At the company’s shareholders’ 2009 annual meeting, shareholders
voted to amend HRP’s declaration of trust to permit the Board to
implement a share combination in the discretion of the Board. After
studying this matter, the Board has concluded that a one for four
share combination is desirable because it may reduce the
transaction costs for shareholders who pay brokerage commissions on
the basis of the number of shares traded.
The share combination will be effective on July 1, 2010. On and
after that date, shares traded on the NYSE will be the new combined
shares and will trade under the new symbol “CWH”.
Dividend Increase:
HRP currently pays a regular quarterly dividend of $0.12/share
($0.48/share per year). After the reverse share split, HRP
currently expects to pay a regular quarterly dividend of
$0.50/share ($2.00/share per year).
The next regular quarterly dividend of $0.50/share with respect
to HRP’s performance during the quarter ended June 30, 2010 is
expected to be declared during July 2010. That dividend will be
paid to shareholders of record on a later date to be announced when
the dividend is declared.
Property Sales:
HRP has agreed to sell 15 properties to Government Properties
Income Trust (NYSE: GOV) for $231 million. All of these properties
are majority leased to government tenants.

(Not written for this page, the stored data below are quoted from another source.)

(* Let $\mu$ be a critical offspring distribution, let $X_1,X_2,\dots$ be i.i.d. with $\mathbf P(X_1=k)=\mu_{k+1}$ for $k\ge-1$, and $S_m=X_1+\dots+X_m$ ($S_0=0$). For every $\varepsilon>0$ there exists $\delta>0$ such that for all sufficiently large $n$ with $\mathbf P(S_n=-1)>0$, \[ \mathbf P\Big(\max_{0\le m\le n}|S_m|\ge\varepsilon n\ \Big|\ S_n=-1\Big)\le e^{-\delta n}. \]
   Context: An offspring distribution is a probability measure $\mu=(\mu_k)_{k\ge0}$ on $\mathbb Z_+$; it is critical if $\sum_kk\mu_k=1$. *)

theory Defs
  imports "HOL-Probability.Probability"
begin

text \<open>Critical offspring distribution: a pmf on the naturals with mean 1.
  (If the mean were infinite, the Bochner expectation would be 0, not 1.)\<close>
definition critical_offspring :: "nat pmf \<Rightarrow> bool" where
  "critical_offspring \<mu> \<longleftrightarrow> measure_pmf.expectation \<mu> real = 1"

definition step_pmf :: "nat pmf \<Rightarrow> int pmf" where
  "step_pmf \<mu> = map_pmf (\<lambda>k. int k - 1) \<mu>"

text \<open>Joint law of the i.i.d. steps X_1..X_n, indexed by i < n (X_{i+1} = omega i).\<close>
definition steps_pmf :: "nat pmf \<Rightarrow> nat \<Rightarrow> (nat \<Rightarrow> int) pmf" where
  "steps_pmf \<mu> n = Pi_pmf {..<n} 0 (\<lambda>_. step_pmf \<mu>)"

definition walk :: "(nat \<Rightarrow> int) \<Rightarrow> nat \<Rightarrow> int" where
  "walk \<omega> m = (\<Sum>i<m. \<omega> i)"

end

theory Submission
  imports Defs "HOL-Real_Asymp.Real_Asymp"
begin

The sales of properties announced today are expected to be
completed in phases between today and March 31, 2011. When all of
these sales are completed, HRP expects to recognize net capital
gains totaling approximately $20 million (which amount does not
include additional capital gains of approximately $10 million which
are deferred under generally accepted accounting principles, or
GAAP, because of HRP’s share ownership of GOV). Also, the cash NOI
which HRP currently receives from these properties is about $19.7
million (excluding straight line rents which are recognized under
GAAP), and the sales prices represent an approximately 8.5%
capitalization rate of that cash NOI.
GOV was formerly a 100% owned subsidiary of HRP that is now a
separately traded REIT. All of the properties to be sold to GOV
were properties for which HRP had previously granted GOV rights of
first refusal in the event that HRP determined to offer the
properties for sale. After the sales of these properties, the U.S.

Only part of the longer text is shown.